> **WHAT TO PRODUCE**
I need every line that includes the word "pairing" copied from the material.

> **SUPPLIED DATA**
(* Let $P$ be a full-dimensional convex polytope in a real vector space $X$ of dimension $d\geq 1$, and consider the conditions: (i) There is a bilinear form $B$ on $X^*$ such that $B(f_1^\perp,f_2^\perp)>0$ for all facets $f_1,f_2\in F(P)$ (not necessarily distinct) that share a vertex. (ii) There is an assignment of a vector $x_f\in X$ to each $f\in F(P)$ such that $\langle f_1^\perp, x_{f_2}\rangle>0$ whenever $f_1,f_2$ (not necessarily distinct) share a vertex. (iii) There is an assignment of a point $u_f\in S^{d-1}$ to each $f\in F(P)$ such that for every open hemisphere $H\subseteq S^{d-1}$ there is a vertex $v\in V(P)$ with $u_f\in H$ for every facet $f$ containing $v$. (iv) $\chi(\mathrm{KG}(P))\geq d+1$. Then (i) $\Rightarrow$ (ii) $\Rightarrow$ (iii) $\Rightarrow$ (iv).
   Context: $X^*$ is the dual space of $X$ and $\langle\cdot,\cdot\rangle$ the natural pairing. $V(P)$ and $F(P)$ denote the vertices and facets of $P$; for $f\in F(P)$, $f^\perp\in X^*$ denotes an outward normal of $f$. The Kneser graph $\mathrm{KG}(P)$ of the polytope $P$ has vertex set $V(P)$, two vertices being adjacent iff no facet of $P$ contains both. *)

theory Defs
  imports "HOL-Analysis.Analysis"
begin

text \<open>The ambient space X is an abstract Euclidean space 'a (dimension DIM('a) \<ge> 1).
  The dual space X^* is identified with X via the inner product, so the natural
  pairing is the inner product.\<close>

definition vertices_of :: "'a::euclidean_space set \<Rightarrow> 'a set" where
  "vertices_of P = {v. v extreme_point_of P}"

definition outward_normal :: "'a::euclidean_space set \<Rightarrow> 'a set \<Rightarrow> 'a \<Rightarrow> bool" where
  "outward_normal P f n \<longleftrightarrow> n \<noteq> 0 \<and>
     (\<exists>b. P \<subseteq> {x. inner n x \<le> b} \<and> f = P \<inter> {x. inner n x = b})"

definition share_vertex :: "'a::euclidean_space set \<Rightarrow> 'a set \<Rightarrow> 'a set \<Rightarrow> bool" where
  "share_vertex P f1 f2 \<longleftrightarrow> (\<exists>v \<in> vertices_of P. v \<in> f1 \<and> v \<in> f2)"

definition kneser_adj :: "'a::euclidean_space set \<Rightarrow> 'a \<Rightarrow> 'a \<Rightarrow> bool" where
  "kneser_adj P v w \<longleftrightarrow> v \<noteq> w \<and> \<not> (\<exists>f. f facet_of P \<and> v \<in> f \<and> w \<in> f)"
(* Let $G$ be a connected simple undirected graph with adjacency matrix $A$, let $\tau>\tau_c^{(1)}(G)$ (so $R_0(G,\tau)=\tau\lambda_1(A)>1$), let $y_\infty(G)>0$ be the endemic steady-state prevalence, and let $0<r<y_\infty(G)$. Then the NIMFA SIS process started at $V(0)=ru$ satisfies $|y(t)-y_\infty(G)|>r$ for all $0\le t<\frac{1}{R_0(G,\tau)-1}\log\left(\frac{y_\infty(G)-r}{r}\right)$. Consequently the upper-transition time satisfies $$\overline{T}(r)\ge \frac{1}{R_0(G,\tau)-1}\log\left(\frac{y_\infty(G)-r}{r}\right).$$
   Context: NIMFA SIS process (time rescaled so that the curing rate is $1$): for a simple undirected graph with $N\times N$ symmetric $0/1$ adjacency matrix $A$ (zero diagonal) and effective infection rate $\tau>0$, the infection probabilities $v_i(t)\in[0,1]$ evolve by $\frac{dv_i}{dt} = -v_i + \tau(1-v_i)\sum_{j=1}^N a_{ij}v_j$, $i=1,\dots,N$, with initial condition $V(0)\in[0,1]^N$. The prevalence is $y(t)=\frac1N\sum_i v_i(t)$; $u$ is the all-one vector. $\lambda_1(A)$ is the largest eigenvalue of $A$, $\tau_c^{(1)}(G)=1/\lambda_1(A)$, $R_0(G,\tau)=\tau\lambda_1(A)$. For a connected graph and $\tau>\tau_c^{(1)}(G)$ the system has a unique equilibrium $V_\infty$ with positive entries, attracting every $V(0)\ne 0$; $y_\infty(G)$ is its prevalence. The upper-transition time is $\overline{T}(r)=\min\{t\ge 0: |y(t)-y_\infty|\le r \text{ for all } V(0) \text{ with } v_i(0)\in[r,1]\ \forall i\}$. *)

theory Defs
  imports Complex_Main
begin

---

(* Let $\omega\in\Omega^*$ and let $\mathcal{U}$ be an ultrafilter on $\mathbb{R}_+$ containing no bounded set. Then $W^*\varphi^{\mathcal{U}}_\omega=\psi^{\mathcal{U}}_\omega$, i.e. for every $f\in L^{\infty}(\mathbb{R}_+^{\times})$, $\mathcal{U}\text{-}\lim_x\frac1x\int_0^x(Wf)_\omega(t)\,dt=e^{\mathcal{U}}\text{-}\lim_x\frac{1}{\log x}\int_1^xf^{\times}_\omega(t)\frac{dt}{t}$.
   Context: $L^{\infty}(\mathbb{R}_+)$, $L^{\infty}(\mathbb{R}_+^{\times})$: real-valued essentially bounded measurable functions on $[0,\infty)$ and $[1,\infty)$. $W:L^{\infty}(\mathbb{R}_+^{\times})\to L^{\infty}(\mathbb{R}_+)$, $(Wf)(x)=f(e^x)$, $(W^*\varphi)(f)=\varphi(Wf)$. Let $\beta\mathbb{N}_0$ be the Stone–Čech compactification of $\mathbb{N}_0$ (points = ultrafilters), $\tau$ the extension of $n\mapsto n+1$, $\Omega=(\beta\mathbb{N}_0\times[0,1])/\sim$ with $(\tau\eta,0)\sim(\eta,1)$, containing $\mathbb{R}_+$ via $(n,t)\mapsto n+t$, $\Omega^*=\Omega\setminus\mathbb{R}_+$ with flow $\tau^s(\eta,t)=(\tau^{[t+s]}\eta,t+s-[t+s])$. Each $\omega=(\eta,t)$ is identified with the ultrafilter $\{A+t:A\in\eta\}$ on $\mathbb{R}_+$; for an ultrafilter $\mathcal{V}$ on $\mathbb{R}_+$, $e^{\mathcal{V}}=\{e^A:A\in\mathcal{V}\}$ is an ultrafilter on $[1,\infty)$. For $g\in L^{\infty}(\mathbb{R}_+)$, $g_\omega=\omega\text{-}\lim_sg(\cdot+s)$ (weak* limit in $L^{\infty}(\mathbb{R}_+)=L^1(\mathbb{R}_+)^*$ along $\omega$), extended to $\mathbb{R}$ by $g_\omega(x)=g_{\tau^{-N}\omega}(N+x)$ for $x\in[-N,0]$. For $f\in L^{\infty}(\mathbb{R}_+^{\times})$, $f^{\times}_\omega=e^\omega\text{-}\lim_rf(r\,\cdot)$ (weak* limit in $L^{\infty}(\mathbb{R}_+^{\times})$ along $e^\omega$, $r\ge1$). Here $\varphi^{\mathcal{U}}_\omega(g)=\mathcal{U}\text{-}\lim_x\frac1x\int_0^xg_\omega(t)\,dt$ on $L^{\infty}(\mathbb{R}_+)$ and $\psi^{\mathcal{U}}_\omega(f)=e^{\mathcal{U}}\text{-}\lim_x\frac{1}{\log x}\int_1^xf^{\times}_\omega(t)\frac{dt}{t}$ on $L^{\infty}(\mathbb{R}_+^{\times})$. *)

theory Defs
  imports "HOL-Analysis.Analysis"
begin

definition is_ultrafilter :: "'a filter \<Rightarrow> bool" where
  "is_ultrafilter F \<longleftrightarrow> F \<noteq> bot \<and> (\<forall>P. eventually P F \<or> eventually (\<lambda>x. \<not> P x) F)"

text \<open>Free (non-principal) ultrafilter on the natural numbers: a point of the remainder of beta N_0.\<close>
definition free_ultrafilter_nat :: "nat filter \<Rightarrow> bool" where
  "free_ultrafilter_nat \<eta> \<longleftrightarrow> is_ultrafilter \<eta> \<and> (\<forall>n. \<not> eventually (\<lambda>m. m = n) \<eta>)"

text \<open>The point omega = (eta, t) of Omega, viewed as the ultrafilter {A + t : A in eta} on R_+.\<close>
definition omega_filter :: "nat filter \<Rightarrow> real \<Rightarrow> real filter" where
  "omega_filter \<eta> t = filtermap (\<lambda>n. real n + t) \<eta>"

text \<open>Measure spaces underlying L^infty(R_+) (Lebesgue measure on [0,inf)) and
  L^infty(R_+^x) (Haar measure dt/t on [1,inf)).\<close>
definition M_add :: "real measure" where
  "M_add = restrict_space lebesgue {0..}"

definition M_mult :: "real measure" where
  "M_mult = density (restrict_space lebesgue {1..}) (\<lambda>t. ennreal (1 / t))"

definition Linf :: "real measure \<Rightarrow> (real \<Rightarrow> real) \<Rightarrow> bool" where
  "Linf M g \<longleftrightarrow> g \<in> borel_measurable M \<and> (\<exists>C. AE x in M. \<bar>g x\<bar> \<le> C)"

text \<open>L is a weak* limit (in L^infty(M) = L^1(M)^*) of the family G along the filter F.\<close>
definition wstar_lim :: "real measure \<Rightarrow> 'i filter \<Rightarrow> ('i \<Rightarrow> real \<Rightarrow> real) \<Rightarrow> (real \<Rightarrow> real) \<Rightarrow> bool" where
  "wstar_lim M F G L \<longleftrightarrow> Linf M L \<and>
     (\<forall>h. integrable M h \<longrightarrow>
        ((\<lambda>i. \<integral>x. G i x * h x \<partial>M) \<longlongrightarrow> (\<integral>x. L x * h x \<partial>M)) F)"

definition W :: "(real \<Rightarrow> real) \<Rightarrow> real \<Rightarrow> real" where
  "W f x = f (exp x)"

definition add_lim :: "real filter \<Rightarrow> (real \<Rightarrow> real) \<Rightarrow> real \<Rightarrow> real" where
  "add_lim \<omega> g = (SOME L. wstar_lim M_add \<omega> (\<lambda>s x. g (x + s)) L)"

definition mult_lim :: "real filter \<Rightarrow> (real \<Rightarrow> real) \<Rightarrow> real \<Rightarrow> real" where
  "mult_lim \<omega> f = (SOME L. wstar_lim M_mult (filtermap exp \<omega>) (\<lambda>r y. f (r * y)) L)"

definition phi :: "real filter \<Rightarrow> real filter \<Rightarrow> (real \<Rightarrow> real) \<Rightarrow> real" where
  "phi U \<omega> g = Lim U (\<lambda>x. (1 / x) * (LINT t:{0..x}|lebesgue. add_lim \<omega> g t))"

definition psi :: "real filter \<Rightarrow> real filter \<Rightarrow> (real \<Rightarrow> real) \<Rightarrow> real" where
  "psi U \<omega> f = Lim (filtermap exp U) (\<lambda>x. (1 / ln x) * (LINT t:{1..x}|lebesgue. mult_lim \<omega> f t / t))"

--

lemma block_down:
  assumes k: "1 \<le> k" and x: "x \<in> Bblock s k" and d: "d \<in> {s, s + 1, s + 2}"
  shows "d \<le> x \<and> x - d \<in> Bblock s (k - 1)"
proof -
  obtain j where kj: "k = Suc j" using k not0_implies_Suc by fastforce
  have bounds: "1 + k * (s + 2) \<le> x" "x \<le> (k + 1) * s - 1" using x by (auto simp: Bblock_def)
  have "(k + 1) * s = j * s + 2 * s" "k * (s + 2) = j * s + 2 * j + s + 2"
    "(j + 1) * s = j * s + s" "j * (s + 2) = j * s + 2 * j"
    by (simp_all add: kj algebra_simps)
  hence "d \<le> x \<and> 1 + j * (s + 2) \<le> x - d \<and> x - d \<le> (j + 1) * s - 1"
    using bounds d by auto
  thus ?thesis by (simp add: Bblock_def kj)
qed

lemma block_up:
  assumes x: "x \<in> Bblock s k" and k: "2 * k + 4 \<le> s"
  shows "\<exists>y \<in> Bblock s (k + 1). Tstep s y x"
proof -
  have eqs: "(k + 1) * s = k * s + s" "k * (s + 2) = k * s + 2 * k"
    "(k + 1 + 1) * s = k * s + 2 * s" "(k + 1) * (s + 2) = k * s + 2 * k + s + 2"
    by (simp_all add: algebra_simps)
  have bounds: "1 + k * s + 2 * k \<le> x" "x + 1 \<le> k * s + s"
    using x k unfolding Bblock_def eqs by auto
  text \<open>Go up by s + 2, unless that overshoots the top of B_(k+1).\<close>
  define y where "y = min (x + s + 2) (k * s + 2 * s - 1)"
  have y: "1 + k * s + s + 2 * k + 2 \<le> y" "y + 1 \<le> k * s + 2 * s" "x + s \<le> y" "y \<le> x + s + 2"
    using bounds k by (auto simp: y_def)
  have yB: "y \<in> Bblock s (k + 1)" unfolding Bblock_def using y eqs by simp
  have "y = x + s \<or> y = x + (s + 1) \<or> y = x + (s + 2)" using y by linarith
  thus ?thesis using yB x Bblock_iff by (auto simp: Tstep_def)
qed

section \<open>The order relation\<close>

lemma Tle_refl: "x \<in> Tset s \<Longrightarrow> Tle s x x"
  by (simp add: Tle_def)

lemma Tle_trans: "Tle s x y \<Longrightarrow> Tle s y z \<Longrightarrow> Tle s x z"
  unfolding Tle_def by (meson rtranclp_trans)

> **RESPONSE TO THE TASK**
   Context: $X^*$ is the dual space of $X$ and $\langle\cdot,\cdot\rangle$ the natural pairing. $V(P)$ and $F(P)$ denote the vertices and facets of $P$; for $f\in F(P)$, $f^\perp\in X^*$ denotes an outward normal of $f$. The Kneser graph $\mathrm{KG}(P)$ of the polytope $P$ has vertex set $V(P)$, two vertices being adjacent iff no facet of $P$ contains both. *)
  pairing is the inner product.\<close>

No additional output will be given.